* _Prompt_
Across the listing below, how many lines include the word "True"? The answer is that number, with nothing added.
== Dataset content
(* Let $n=4k$ with $k\ge2$, let $u_1,\ldots,u_k\in\mathbb{F}_{2^{2k}}^*$ satisfy $u_iu_j^{2^k}\in\mathbb{F}_{2^k}^*$ for all $1\le i<j\le k$, and let $\omega$ be a generator of the cyclic group $U=\{x\in\mathbb{F}_{2^{2k}}: x^{2^k+1}=1\}$. Let $t$ be a positive integer, $F_1,\ldots,F_t$ reduced polynomials in $\mathbb{F}_2[X_1,\ldots,X_k]$, and $f_i(x)=F_i(\mathrm{Tr}^n_1(u_1x),\ldots,\mathrm{Tr}^n_1(u_kx))$. Then $\widehat H(x)=(\mathrm{Tr}^n_k(\omega x^{2^k+1}),f_1(x),\ldots,f_t(x))$ is a vectorial plateaued $(n,k+t)$-function if and only if the $(n,t)$-function $(f_1,\ldots,f_t)$ is vectorial plateaued.
   Context: $\mathrm{Tr}^m_1(x)=\sum_{i=0}^{m-1}x^{2^i}$, $\mathrm{Tr}^{4k}_k(x)=x+x^{2^k}+x^{2^{2k}}+x^{2^{3k}}$. $\widehat H:\mathbb{F}_{2^n}\to\mathbb{F}_{2^k}\times\mathbb{F}_2^t$ has components $\mathrm{Tr}^k_1(\lambda\,\mathrm{Tr}^n_k(\omega x^{2^k+1}))+\sum_iv_if_i(x)$, $(\lambda,v)\ne(0,0)$. A Boolean function $f$ is plateaued if $W_f(a)=\sum_x(-1)^{f(x)+\mathrm{Tr}^n_1(ax)}$ takes values in $\{0,\pm2^s\}$ for some $n/2\le s\le n$; a vectorial function is vectorial plateaued if all its components are plateaued. A reduced polynomial is a multilinear polynomial over $\mathbb{F}_2$. *)

theory Defs
  imports Main
begin

definition tr :: "nat \<Rightarrow> 'a::field \<Rightarrow> 'a" where
  "tr m x = (\<Sum>i<m. x ^ (2 ^ i))"

definition rtr :: "nat \<Rightarrow> nat \<Rightarrow> 'a::field \<Rightarrow> 'a" where
  "rtr n k x = (\<Sum>i<n div k. x ^ (2 ^ (k * i)))"

text \<open>Walsh transform of a Boolean function f (values in F_2 = {0,1} inside the field),
  W_f(a) = sum_x (-1)^(f(x) + Tr^n_1(a x)).\<close>
definition walsh :: "nat \<Rightarrow> ('a::{field,finite} \<Rightarrow> 'a) \<Rightarrow> 'a \<Rightarrow> int" where
  "walsh n f a = (\<Sum>x\<in>UNIV. if f x + tr n (a * x) = 0 then 1 else -1)"

definition plateaued :: "nat \<Rightarrow> ('a::{field,finite} \<Rightarrow> 'a) \<Rightarrow> bool" where
  "plateaued n f = (\<exists>s::nat. n \<le> 2 * s \<and> s \<le> n \<and>
      (\<forall>a. walsh n f a \<in> {0, 2 ^ s, - (2 ^ s)}))"

text \<open>Evaluation of a reduced (multilinear) polynomial over F_2 in variables X_0..X_{k-1},
  given by its coefficients c(S) in F_2 (True = 1) of the monomials prod_{i in S} X_i.\<close>
definition reduced_eval :: "nat \<Rightarrow> (nat set \<Rightarrow> bool) \<Rightarrow> (nat \<Rightarrow> 'a::field) \<Rightarrow> 'a" where
  "reduced_eval k c X = (\<Sum>S\<in>Pow {..<k}. if c S then (\<Prod>i\<in>S. X i) else 0)"

end

theory Submission
  imports Defs "HOL-Computational_Algebra.Polynomial"
begin

text \<open>For \<open>lam = 0\<close> both sides speak about the same functions, so the content lies in the
  components with \<open>lam \<noteq> 0\<close>: these are bent, whatever the \<open>f i\<close> are.  Let \<open>q = 2 ^ k\<close> and
  \<open>\<mu> = lam * \<omega> \<in> GF(q\<^sup>2) - GF(q)\<close>.  The quadratic part is \<open>Q x = tr n (\<mu> * x ^ (q + 1))\<close>,
  and \<open>Q (x + d) = Q x + Q d + tr n (x * polar k \<mu> d)\<close>, where \<open>polar k \<mu>\<close> is injective and
  maps only elements of \<open>GF(q\<^sup>2)\<close> into \<open>GF(q\<^sup>2)\<close>.  The Boolean part \<open>G\<close> depends on \<open>x\<close> only
  through the traces \<open>tr n (u j * x)\<close>, so it is periodic modulo their common kernel \<open>K\<close>,
  whose annihilator is the set of subset sums of the \<open>u j\<close>, a subset of \<open>GF(q\<^sup>2)\<close>.  In
  \<open>W(a)\<^sup>2 = \<Sum>d. (-1)^(Q d + tr n (a * d)) * \<Sum>x. (-1)^(tr n (x * polar k \<mu> d) + G x + G (x + d))\<close>
  the inner sum vanishes for \<open>d \<noteq> 0\<close>: if \<open>polar k \<mu> d\<close> is a subset sum, then
  \<open>d \<in> GF(q\<^sup>2) \<subseteq> K\<close> and a nontrivial additive character is summed; otherwise averaging over
  \<open>K\<close> kills it.  Hence \<open>W(a)\<^sup>2 = 2 ^ n\<close>.\<close>

definition chi :: "'a::field \<Rightarrow> int" where
  "chi y = (if y = 0 then 1 else -1)"
lemma arg_max_range:
  fixes f :: "'a::finite \<Rightarrow> 'b::linorder"
  shows "f (ARG_MAX f a. True) = Max (range f)"
proof -
  obtain k where "f k = Max (range f)"
    by (rule Max_range_attained)
  then show ?thesis
    using arg_max_equality[of "\<lambda>_. True" k f] by (simp add: Max_range_ge)
qed

lemma sum_pmf_mult_add_le_sum_add_Max:
  fixes p :: "'a::finite pmf" and x c :: "'a \<Rightarrow> real"
  assumes "\<And>a. 0 \<le> x a"
  shows "(\<Sum>a\<in>UNIV. pmf p a * (x a + c a)) \<le> (\<Sum>a\<in>UNIV. x a) + Max (range c)"
proof -
  have "(\<Sum>a\<in>UNIV. pmf p a * x a) \<le> (\<Sum>a\<in>UNIV. x a)"
    using assms by (intro sum_mono) (simp add: mult_left_le_one_le pmf_le_1)
  moreover have "(\<Sum>a\<in>UNIV. pmf p a * c a) \<le> (\<Sum>a\<in>UNIV. pmf p a * Max (range c))"
    by (intro sum_mono mult_left_mono Max_range_ge) simp
  moreover have "(\<Sum>a\<in>UNIV. pmf p a) = 1"
    by (simp add: sum_pmf_eq_1)
  ultimately show ?thesis
    by (simp add: distrib_left sum.distrib flip: sum_distrib_right)
qed

text \<open>The key estimate for lookahead agents: however the action depends on the observed rewards
\<open>X\<close>, it cannot earn more than all of them together.\<close>

lemma integral_adaptive_choice_le:
  fixes X :: "'w \<Rightarrow> 'a::finite \<Rightarrow> real" and q :: "'w \<Rightarrow> 'a pmf" and c :: "'a \<Rightarrow> real"
  assumes "prob_space M"
    and X_int: "\<And>a. integrable M (\<lambda>\<omega>. X \<omega> a)"
    and X_nonneg: "AE \<omega> in M. \<forall>a. 0 \<le> X \<omega> a"
    and q_meas: "\<And>a. (\<lambda>\<omega>. pmf (q \<omega>) a) \<in> borel_measurable M"
  shows "(\<integral>\<omega>. (\<Sum>a\<in>UNIV. pmf (q \<omega>) a * (X \<omega> a + c a)) \<partial>M)
           \<le> (\<Sum>a\<in>UNIV. \<integral>\<omega>. X \<omega> a \<partial>M) + Max (range c)"
proof -
  interpret prob_space M by fact
  let ?f = "\<lambda>\<omega>. \<Sum>a\<in>UNIV. pmf (q \<omega>) a * (X \<omega> a + c a)"
  let ?g = "\<lambda>\<omega>. (\<Sum>a\<in>UNIV. X \<omega> a) + Max (range c)"
  have g_int: "integrable M ?g"
    using X_int by simp
  have f_meas: "?f \<in> borel_measurable M"
    using X_int q_meas by measurable
  let ?b = "\<lambda>\<omega>. \<Sum>a\<in>UNIV. \<bar>X \<omega> a\<bar> + \<bar>c a\<bar>"
  have b_int: "integrable M ?b"
    using X_int by (intro Bochner_Integration.integrable_sum Bochner_Integration.integrable_add) auto
  have "\<bar>?f \<omega>\<bar> \<le> ?b \<omega>" for \<omega>
  proof -
    have "\<bar>?f \<omega>\<bar> \<le> (\<Sum>a\<in>UNIV. \<bar>pmf (q \<omega>) a * (X \<omega> a + c a)\<bar>)"
      by (rule sum_abs)
    also have "\<dots> = (\<Sum>a\<in>UNIV. pmf (q \<omega>) a * \<bar>X \<omega> a + c a\<bar>)"
      by (simp add: abs_mult)
    also have "\<dots> \<le> (\<Sum>a\<in>UNIV. \<bar>X \<omega> a\<bar> + \<bar>c a\<bar>)"
      by (intro sum_mono order_trans[OF mult_left_le_one_le abs_triangle_ineq]) (auto simp: pmf_le_1)
    finally show ?thesis .
  qed
  then have f_int: "integrable M ?f"
    by (intro Bochner_Integration.integrable_bound[OF b_int f_meas] AE_I2)
       (auto intro: order_trans[OF _ abs_ge_self])
  have "integral\<^sup>L M ?f \<le> integral\<^sup>L M ?g"
    using X_nonneg
    by (intro integral_mono_AE[OF f_int g_int]) (auto intro: sum_pmf_mult_add_le_sum_add_Max)
  also have "\<dots> = (\<Sum>a\<in>UNIV. \<integral>\<omega>. X \<omega> a \<partial>M) + Max (range c)"
    using X_int by (simp add: Bochner_Integration.integral_sum prob_space)
  finally show ?thesis .
qed
lemma proper_metric_block_dist: "proper_metric (carrier block_group) block_dist"
  unfolding proper_metric_def
proof (intro allI impI)
  fix S assume "S \<subseteq> carrier block_group" "Metric_space.mbounded (carrier block_group) block_dist S"
  then obtain x B where ball: "S \<subseteq> Metric_space.mcball (carrier block_group) block_dist x B"
    using Metric_space.mbounded_def[OF Metric_space_block_dist] by blast
  define N where "N = nat \<lceil>B\<rceil>"
  define F where "F = entries x \<union> {..N} \<times> {..N} \<times> {..N}"
  have "entries y \<subseteq> F" if "y \<in> S" for y
  proof
    fix t assume t: "t \<in> entries y"
    obtain j a b where t_eq: "t = (j, a, b)"
      by (cases t) auto
    show "t \<in> F"
    proof (cases "t \<in> entries x")
      case False
      have "y \<in> carrier block_group \<and> block_dist x y \<le> B"
        using \<open>y \<in> S\<close> ball Metric_space.in_mcball[OF Metric_space_block_dist] by blast
      then have "entries y \<subseteq> block_positions" "block_dist x y \<le> B"
        by simp_all
      moreover have "real j \<le> block_dist x y"
        using real_le_fact[of j] fact_le_block_dist[of t x y] t t_eq False by simp
      ultimately have "j \<le> N"
        unfolding N_def by linarith
      moreover have "a < j" "b < j"
        using \<open>entries y \<subseteq> block_positions\<close> t t_eq by (auto simp: block_positions_def)
      ultimately show ?thesis
        by (simp add: F_def t_eq)
    qed (simp add: F_def)
  qed
  then have "S \<subseteq> of_entries ` Pow F"
    by (metis PowI image_eqI of_entries_entries subsetI)
  moreover have "finite F"
    by (simp add: F_def)
  ultimately show "finite S"
    by (rule finite_subset[OF _ finite_imageI[OF finite_Pow_iff[THEN iffD2]]])
qed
====
* _Solution for this problem_
3